Julia library for Bayesian non- and semi-parametric hazard models using splines
This is a Julia library implementing the reversible jump MCMC for Bayesian B-spline hazard models as described in Bayesian adaptive B-spline estimation in proportional hazards frailty models by Sharef et al.
It can be used either as standalone for non-parametric estimation of hazard, cumulative hazard and survival functions, or as part of semi-parametric model, e.g. as baseline hazard in a proportional hazards model.
It uses the Dierckx Julia package for B-spline evaluation.
- Univariate hazard models using 1-dimensional B-splines with number and location of knot positions determined by the data via reversible jump MCMC
- Designed to be easily integrated into existing MCMC procedures with only a few lines of code without placing restrictions on the rest of the model (only the likelihood function needs to be supplied by the user)

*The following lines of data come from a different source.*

section \<open>Uncountable disjoint families\<close>

lemma countable_meeting_disjoint:
  assumes "pairwise (\<lambda>p q. disjnt (f p) (f q)) T" "countable D"
  shows "countable {p\<in>T. f p \<inter> D \<noteq> {}}"
proof -
  have "countable {p\<in>T. d \<in> f p}" for d
  proof (cases "\<exists>p\<in>T. d \<in> f p")
    case True
    then obtain p where "p \<in> T" "d \<in> f p" by blast
    then have "{p\<in>T. d \<in> f p} \<subseteq> {p}" using assms(1) by (auto simp: pairwise_def disjnt_def)
    then show ?thesis by (rule countable_subset) simp
  next
    case False
    then have "{p\<in>T. d \<in> f p} = {}" by blast
    then show ?thesis by (simp only: countable_empty)
  qed
  moreover have "{p\<in>T. f p \<inter> D \<noteq> {}} = (\<Union>d\<in>D. {p\<in>T. d \<in> f p})" by blast
  ultimately show ?thesis using assms(2) by simp
qed

lemma uncountable_avoiding_disjoint:
  assumes "pairwise (\<lambda>p q. disjnt (f p) (f q)) T" "countable D" "\<not> countable T"
  shows "\<not> countable {p\<in>T. f p \<inter> D = {}}"
proof
  assume "countable {p\<in>T. f p \<inter> D = {}}"
  then have "countable ({p\<in>T. f p \<inter> D = {}} \<union> {p\<in>T. f p \<inter> D \<noteq> {}})"
    using countable_meeting_disjoint[OF assms(1,2)] by simp
  moreover have "{p\<in>T. f p \<inter> D = {}} \<union> {p\<in>T. f p \<inter> D \<noteq> {}} = T" by blast
  ultimately show False using assms(3) by simp
qed

lemma uncountable_fiber:
  assumes "\<not> countable T" "countable (g ` T)"
  obtains v where "\<not> countable {p\<in>T. g p = v}"
proof -
  have "T = (\<Union>v\<in>g ` T. {p\<in>T. g p = v})" by blast
  then show ?thesis using assms that by (metis (no_types, lifting) countable_UN)
qed

lemma uncountable_disjoint_subfamily:
  assumes ne: "\<And>p. p \<in> X \<Longrightarrow> f p \<noteq> {} \<and> countable (f p)"
    and avoid: "\<And>Z. countable Z \<Longrightarrow> \<exists>p\<in>X. f p \<inter> Z = {}"
  obtains M where "M \<subseteq> X" "\<not> countable M" "pairwise (\<lambda>p q. disjnt (f p) (f q)) M"
proof -
  define A where "A = {M. M \<subseteq> X \<and> pairwise (\<lambda>p q. disjnt (f p) (f q)) M}"
  have "\<forall>C\<in>chains A. \<Union>C \<in> A"
  proof
    fix C assume "C \<in> chains A"
    then have "C \<subseteq> A" "chain\<^sub>\<subseteq> C" unfolding chains_def by auto
    then show "\<Union>C \<in> A" unfolding A_def by (auto intro!: pairwise_chain_Union)
  qed
  then obtain M where M: "M \<in> A" and max: "\<forall>Y\<in>A. M \<subseteq> Y \<longrightarrow> Y = M"
    using Zorn_Lemma by blast
  have "\<not> countable M"
  proof
    assume "countable M"
    then have "countable (\<Union>p\<in>M. f p)" using ne M unfolding A_def by blast
    then obtain p where p: "p \<in> X" "f p \<inter> (\<Union>q\<in>M. f q) = {}" using avoid by blast
    then have "insert p M \<in> A"
      using M unfolding A_def by (auto simp: pairwise_insert disjnt_def)
    then have "p \<in> M" using max by blast
    then show False using p ne by blast
  qed
  then show ?thesis using M that unfolding A_def by blast
qed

- Plot mean posterior hazard / cumulative hazard / survival functions with posterior credible intervals
- Estimate coverage probability of posterior credible intervals for given true hazard / cumulative hazard / survival functions
- More example models (additive hazard model, ...)
- parametric hazard penalty
(v1.0) pkg> add SplineHazard
(Type ]
to enter package mode.) Requires Dierckx, DataFrames and Distributions Julia packages to be installed.
This example shows how to implement a semi-parametric proportional hazards model with a cubic B-spline baseline hazard and a single covariate. The full code is in src/examples/ph.jl.
Generate an example survival dataset
function ph_data(n=200, beta=0.0, tmax=36)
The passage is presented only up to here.